Source records:
>>
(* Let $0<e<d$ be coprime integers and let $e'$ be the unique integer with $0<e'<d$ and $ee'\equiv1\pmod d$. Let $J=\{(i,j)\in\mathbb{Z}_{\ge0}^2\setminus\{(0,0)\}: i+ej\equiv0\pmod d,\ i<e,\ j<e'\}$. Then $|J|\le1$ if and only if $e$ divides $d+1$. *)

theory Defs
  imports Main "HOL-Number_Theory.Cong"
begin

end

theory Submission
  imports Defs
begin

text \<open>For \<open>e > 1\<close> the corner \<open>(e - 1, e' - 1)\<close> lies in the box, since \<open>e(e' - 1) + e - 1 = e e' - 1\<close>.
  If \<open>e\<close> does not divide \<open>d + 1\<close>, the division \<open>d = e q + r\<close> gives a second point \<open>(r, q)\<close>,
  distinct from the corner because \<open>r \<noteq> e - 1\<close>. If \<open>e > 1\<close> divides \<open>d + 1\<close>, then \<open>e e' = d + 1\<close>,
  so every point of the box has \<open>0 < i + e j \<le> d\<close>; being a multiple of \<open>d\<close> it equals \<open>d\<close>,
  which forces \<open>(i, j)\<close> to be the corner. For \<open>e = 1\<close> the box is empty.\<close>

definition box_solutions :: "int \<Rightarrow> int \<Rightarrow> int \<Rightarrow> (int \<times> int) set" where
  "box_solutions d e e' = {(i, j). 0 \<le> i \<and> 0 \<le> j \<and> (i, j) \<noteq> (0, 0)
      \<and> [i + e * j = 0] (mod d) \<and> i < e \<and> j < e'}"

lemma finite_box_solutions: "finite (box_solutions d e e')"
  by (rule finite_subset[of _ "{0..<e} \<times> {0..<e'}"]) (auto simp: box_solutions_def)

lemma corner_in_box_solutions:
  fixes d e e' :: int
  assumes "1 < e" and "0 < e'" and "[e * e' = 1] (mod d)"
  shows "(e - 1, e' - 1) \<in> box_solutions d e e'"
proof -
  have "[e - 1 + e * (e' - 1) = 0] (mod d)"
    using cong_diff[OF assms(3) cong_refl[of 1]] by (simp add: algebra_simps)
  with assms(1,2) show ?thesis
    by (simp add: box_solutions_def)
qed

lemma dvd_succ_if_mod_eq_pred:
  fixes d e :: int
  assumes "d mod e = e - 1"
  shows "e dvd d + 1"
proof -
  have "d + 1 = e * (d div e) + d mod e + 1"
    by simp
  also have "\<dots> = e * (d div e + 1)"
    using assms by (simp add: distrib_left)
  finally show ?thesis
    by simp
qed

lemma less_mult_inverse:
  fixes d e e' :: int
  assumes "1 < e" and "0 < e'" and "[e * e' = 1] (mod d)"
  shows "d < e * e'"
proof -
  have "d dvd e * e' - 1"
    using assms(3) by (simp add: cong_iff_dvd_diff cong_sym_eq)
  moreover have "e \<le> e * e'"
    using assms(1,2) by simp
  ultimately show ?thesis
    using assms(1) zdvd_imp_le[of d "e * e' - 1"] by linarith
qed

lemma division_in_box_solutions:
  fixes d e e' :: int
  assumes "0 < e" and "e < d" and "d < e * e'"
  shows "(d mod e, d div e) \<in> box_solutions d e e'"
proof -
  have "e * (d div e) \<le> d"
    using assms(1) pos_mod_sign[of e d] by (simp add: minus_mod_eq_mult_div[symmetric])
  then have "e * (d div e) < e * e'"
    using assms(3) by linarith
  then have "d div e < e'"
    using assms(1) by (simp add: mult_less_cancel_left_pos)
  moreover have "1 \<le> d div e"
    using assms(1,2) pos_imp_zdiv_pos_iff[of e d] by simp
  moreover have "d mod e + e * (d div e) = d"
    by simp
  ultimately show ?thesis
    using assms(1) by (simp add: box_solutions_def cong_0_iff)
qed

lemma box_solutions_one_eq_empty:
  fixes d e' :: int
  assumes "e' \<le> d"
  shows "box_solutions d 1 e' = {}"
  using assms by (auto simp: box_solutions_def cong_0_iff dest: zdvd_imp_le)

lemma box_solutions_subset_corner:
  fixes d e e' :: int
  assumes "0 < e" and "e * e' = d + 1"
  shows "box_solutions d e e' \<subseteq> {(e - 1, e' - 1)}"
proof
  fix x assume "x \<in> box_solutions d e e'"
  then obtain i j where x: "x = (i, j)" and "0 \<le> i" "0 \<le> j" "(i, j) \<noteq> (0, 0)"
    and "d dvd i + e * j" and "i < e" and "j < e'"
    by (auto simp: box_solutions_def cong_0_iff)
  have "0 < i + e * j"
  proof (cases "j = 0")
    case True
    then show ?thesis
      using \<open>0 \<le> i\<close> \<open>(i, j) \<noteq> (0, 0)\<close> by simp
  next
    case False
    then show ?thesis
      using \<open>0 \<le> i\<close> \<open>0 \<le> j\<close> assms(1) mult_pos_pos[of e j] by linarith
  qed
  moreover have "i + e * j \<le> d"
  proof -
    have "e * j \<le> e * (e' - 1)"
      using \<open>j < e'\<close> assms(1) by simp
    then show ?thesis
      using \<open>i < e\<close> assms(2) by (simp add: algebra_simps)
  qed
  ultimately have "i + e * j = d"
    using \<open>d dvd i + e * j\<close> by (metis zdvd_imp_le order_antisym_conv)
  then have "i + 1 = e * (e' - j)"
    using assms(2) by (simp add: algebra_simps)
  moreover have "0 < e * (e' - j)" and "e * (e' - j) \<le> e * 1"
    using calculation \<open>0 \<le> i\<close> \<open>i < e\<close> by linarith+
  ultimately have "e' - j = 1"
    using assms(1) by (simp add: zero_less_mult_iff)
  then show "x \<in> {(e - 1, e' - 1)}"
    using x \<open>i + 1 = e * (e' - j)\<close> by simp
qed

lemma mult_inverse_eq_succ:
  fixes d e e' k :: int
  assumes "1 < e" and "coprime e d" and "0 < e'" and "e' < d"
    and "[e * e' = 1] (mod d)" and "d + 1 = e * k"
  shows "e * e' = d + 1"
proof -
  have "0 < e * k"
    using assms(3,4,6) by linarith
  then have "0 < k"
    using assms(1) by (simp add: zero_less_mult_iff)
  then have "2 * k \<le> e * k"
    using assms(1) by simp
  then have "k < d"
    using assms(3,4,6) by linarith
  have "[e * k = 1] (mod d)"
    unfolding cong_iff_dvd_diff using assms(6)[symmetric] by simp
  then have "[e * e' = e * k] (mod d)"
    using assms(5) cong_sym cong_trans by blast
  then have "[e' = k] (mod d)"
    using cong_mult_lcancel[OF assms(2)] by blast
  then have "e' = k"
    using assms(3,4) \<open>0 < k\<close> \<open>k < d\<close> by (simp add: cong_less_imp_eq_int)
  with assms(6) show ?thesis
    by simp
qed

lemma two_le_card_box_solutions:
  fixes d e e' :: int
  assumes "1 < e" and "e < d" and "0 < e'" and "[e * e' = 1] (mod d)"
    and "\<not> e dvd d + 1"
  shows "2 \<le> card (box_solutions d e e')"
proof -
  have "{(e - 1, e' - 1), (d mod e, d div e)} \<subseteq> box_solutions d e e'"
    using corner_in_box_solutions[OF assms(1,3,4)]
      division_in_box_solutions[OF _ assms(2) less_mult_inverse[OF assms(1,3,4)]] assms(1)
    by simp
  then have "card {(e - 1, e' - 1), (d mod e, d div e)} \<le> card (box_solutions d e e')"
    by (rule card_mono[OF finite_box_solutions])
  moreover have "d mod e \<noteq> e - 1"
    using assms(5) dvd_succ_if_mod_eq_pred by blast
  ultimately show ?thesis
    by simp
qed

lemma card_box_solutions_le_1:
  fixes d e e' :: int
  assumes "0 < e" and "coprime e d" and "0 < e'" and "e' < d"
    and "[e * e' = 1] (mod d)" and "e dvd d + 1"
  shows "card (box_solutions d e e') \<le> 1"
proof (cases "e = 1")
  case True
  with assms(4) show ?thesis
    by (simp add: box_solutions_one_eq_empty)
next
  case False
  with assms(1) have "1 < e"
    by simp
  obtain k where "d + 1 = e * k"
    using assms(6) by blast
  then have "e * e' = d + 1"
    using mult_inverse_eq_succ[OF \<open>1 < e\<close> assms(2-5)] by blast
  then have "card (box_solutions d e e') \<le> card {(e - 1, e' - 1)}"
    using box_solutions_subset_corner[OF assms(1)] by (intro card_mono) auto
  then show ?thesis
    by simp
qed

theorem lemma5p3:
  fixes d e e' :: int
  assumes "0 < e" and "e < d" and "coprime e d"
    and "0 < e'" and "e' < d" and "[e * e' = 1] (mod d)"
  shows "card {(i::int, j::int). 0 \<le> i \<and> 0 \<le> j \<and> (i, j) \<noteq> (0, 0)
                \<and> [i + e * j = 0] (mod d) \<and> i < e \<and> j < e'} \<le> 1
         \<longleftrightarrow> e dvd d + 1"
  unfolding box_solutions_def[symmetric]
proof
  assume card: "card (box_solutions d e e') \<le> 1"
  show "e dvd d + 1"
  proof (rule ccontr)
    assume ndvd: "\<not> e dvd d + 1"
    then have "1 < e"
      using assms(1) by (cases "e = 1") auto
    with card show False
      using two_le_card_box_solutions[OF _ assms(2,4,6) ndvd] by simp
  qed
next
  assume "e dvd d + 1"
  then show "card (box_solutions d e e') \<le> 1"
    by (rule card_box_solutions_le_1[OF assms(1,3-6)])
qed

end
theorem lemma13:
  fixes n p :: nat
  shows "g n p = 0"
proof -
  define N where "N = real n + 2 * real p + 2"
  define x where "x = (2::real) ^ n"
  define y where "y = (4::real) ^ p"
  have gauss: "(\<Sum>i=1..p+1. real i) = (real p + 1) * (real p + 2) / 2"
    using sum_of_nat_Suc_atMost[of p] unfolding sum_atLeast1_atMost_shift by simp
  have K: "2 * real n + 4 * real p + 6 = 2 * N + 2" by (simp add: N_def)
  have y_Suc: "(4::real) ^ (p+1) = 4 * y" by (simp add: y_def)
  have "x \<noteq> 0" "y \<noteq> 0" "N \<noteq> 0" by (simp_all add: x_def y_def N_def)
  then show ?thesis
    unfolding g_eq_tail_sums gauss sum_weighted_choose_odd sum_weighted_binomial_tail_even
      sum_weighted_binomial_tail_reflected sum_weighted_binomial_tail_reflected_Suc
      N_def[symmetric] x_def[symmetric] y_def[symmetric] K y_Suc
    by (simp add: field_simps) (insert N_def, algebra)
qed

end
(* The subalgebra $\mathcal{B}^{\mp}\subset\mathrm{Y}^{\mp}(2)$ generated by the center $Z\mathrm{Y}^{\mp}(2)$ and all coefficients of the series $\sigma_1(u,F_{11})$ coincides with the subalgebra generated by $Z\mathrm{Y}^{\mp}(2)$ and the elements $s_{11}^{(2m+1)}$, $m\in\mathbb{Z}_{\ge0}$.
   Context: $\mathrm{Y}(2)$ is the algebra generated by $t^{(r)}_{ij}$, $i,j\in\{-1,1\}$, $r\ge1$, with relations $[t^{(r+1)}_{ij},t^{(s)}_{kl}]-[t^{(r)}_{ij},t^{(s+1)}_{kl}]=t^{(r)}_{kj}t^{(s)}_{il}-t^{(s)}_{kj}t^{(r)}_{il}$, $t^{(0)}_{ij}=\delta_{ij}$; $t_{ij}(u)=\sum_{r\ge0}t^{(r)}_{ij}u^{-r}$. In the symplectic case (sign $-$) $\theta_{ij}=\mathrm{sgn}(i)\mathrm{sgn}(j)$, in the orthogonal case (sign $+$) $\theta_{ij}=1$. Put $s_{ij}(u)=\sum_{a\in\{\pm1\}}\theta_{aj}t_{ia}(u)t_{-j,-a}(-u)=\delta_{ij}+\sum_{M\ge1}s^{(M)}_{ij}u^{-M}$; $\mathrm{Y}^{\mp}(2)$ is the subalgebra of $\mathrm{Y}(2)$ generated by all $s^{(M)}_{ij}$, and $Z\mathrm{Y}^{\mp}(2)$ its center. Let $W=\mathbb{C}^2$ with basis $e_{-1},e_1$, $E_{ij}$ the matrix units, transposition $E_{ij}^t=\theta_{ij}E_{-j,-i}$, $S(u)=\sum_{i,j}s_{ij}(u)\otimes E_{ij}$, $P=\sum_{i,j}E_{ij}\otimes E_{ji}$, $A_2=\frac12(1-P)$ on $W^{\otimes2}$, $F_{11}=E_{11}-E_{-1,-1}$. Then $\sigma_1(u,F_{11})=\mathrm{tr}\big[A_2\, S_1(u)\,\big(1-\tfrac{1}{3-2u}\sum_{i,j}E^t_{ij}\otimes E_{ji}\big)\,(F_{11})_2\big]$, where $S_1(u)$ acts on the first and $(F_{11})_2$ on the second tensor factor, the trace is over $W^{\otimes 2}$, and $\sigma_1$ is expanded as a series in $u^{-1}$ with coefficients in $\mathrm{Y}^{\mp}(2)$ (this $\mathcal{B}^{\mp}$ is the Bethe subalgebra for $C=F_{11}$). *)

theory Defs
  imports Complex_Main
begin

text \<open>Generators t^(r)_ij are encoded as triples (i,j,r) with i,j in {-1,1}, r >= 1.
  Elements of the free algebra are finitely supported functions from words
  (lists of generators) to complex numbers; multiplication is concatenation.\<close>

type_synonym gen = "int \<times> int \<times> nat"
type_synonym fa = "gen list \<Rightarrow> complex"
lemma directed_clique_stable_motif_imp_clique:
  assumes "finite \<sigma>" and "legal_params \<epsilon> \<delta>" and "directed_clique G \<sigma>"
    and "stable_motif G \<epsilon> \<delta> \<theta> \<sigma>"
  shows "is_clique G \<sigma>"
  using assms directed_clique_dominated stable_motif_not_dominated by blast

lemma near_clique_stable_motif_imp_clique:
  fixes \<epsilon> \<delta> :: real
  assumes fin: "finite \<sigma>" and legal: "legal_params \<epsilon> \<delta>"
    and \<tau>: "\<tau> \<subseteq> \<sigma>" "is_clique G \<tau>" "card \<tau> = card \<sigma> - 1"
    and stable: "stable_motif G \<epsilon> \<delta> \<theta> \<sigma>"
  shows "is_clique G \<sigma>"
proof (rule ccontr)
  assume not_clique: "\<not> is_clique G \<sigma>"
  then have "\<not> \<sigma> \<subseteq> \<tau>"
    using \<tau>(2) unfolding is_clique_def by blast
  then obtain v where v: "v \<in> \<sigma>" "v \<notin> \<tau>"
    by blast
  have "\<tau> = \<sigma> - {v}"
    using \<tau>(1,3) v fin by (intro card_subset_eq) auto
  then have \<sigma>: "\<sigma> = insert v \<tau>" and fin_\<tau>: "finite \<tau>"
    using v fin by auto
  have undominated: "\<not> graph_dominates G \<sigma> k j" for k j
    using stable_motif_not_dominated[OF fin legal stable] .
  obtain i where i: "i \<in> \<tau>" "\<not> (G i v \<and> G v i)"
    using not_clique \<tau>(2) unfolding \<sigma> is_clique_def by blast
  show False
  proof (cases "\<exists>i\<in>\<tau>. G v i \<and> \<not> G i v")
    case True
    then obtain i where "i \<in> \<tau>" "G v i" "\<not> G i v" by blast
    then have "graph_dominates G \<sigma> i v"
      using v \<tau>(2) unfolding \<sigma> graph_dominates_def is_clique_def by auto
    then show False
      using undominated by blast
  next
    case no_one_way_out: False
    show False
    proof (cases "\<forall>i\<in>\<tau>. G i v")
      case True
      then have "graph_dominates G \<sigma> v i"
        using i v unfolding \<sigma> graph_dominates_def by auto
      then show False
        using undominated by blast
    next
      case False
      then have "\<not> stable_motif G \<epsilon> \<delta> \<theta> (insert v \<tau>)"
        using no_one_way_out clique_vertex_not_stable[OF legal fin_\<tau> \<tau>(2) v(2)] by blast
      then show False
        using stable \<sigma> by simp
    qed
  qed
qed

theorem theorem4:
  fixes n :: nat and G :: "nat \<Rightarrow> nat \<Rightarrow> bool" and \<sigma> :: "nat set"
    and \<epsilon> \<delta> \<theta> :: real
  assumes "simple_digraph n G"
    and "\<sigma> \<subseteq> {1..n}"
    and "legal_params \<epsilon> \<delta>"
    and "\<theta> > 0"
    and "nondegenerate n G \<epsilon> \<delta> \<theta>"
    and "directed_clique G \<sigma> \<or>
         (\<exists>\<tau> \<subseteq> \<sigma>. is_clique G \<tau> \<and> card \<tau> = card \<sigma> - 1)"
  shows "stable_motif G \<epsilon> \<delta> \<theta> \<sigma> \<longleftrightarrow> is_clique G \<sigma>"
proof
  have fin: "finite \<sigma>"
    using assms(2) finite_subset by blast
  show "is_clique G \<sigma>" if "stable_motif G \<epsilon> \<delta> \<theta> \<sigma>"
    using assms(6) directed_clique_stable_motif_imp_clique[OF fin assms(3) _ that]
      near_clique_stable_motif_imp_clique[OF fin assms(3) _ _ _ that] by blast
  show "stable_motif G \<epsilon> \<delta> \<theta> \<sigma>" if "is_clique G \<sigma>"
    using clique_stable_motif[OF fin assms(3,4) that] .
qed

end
<<
• [Assignment] Look through the entries above and say how many lines hold the word "longleftrightarrow", giving the number alone.

• [Response to the task] 2